inductive_set lpoly :: "(lstate \<Rightarrow> complex) set" where
  coord_v: "(\<lambda>(v,w,C). v $ i) \<in> lpoly"
| coord_w: "(\<lambda>(v,w,C). w $ i) \<in> lpoly"
| coord_C: "(\<lambda>(v,w,C). C $ i $ j) \<in> lpoly"
| const: "(\<lambda>_. c) \<in> lpoly"
| add: "p \<in> lpoly \<Longrightarrow> q \<in> lpoly \<Longrightarrow> (\<lambda>x. p x + q x) \<in> lpoly"
| mult: "p \<in> lpoly \<Longrightarrow> q \<in> lpoly \<Longrightarrow> (\<lambda>x. p x * q x) \<in> lpoly"

definition zariski :: "lstate topology" where
  "zariski = topology_generated_by {{x. p x \<noteq> 0} | p. p \<in> lpoly}"

definition SO3 :: "(complex^3^3) set" where
  "SO3 = {g. transpose g ** g = mat 1 \<and> det g = 1}"

definition Ggrp :: "((complex^3^3) \<times> (complex^3^3)) set" where
  "Ggrp = SO3 \<times> SO3"

definition act :: "((complex^3^3) \<times> (complex^3^3)) \<Rightarrow> lstate \<Rightarrow> lstate" where
  "act g x = (case g of (g1, g2) \<Rightarrow> case x of (v, w, C) \<Rightarrow>
      (g1 *v v, g2 *v w, g2 ** C ** matrix_inv g1))"

definition X0 :: "lstate set" where
  "X0 = {(v, w, C). v $ 1 = 0 \<and> v $ 2 = 0 \<and> w $ 1 = 0 \<and> w $ 2 = 0 \<and>
         (\<forall>a b :: 3. (a = 3) \<noteq> (b = 3) \<longrightarrow> C $ b $ a = 0)}"

definition Xvar :: "lstate set" where
  "Xvar = zariski closure_of (\<Union>g\<in>Ggrp. act g ` X0)"

definition embS :: "complex \<Rightarrow> complex \<Rightarrow> complex^3 \<Rightarrow> lstate" where
  "embS x y l = ((\<chi> i. if i = 3 then x else 0), (\<chi> i. if i = 3 then y else 0),
                 (\<chi> b a. if a = b then l $ a else 0))"

definition Ssec :: "lstate set" where
  "Ssec = {embS x y l | x y l. True}"

definition normalizer :: "lstate set \<Rightarrow> ((complex^3^3) \<times> (complex^3^3)) set" where
  "normalizer S = {g \<in> Ggrp. act g ` S \<subseteq> S}"

definition rational_section :: "lstate set \<Rightarrow> lstate set \<Rightarrow> bool" where
  "rational_section X S \<longleftrightarrow>
     (\<exists>S0. S0 \<subseteq> S \<and> openin (subtopology zariski S) S0 \<and> S \<subseteq> zariski closure_of S0 \<and>
          zariski closure_of (\<Union>g\<in>Ggrp. act g ` S) = X \<and>
          (\<forall>g\<in>Ggrp. act g ` S0 \<inter> S0 \<noteq> {} \<longrightarrow> g \<in> normalizer S))"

## EXERCISE GOAL
Retype all the material exactly as shown.

## WORKED SOLUTION
inductive_set lpoly :: "(lstate \<Rightarrow> complex) set" where
  coord_v: "(\<lambda>(v,w,C). v $ i) \<in> lpoly"
| coord_w: "(\<lambda>(v,w,C). w $ i) \<in> lpoly"
| coord_C: "(\<lambda>(v,w,C). C $ i $ j) \<in> lpoly"
| const: "(\<lambda>_. c) \<in> lpoly"
| add: "p \<in> lpoly \<Longrightarrow> q \<in> lpoly \<Longrightarrow> (\<lambda>x. p x + q x) \<in> lpoly"
| mult: "p \<in> lpoly \<Longrightarrow> q \<in> lpoly \<Longrightarrow> (\<lambda>x. p x * q x) \<in> lpoly"

definition zariski :: "lstate topology" where
  "zariski = topology_generated_by {{x. p x \<noteq> 0} | p. p \<in> lpoly}"

definition SO3 :: "(complex^3^3) set" where
  "SO3 = {g. transpose g ** g = mat 1 \<and> det g = 1}"

definition Ggrp :: "((complex^3^3) \<times> (complex^3^3)) set" where
  "Ggrp = SO3 \<times> SO3"

definition act :: "((complex^3^3) \<times> (complex^3^3)) \<Rightarrow> lstate \<Rightarrow> lstate" where
  "act g x = (case g of (g1, g2) \<Rightarrow> case x of (v, w, C) \<Rightarrow>
      (g1 *v v, g2 *v w, g2 ** C ** matrix_inv g1))"

definition X0 :: "lstate set" where
  "X0 = {(v, w, C). v $ 1 = 0 \<and> v $ 2 = 0 \<and> w $ 1 = 0 \<and> w $ 2 = 0 \<and>
         (\<forall>a b :: 3. (a = 3) \<noteq> (b = 3) \<longrightarrow> C $ b $ a = 0)}"

definition Xvar :: "lstate set" where
  "Xvar = zariski closure_of (\<Union>g\<in>Ggrp. act g ` X0)"

definition embS :: "complex \<Rightarrow> complex \<Rightarrow> complex^3 \<Rightarrow> lstate" where
  "embS x y l = ((\<chi> i. if i = 3 then x else 0), (\<chi> i. if i = 3 then y else 0),
                 (\<chi> b a. if a = b then l $ a else 0))"

definition Ssec :: "lstate set" where
  "Ssec = {embS x y l | x y l. True}"

definition normalizer :: "lstate set \<Rightarrow> ((complex^3^3) \<times> (complex^3^3)) set" where
  "normalizer S = {g \<in> Ggrp. act g ` S \<subseteq> S}"

definition rational_section :: "lstate set \<Rightarrow> lstate set \<Rightarrow> bool" where
  "rational_section X S \<longleftrightarrow>
     (\<exists>S0. S0 \<subseteq> S \<and> openin (subtopology zariski S) S0 \<and> S \<subseteq> zariski closure_of S0 \<and>
          zariski closure_of (\<Union>g\<in>Ggrp. act g ` S) = X \<and>
          (\<forall>g\<in>Ggrp. act g ` S0 \<inter> S0 \<noteq> {} \<longrightarrow> g \<in> normalizer S))"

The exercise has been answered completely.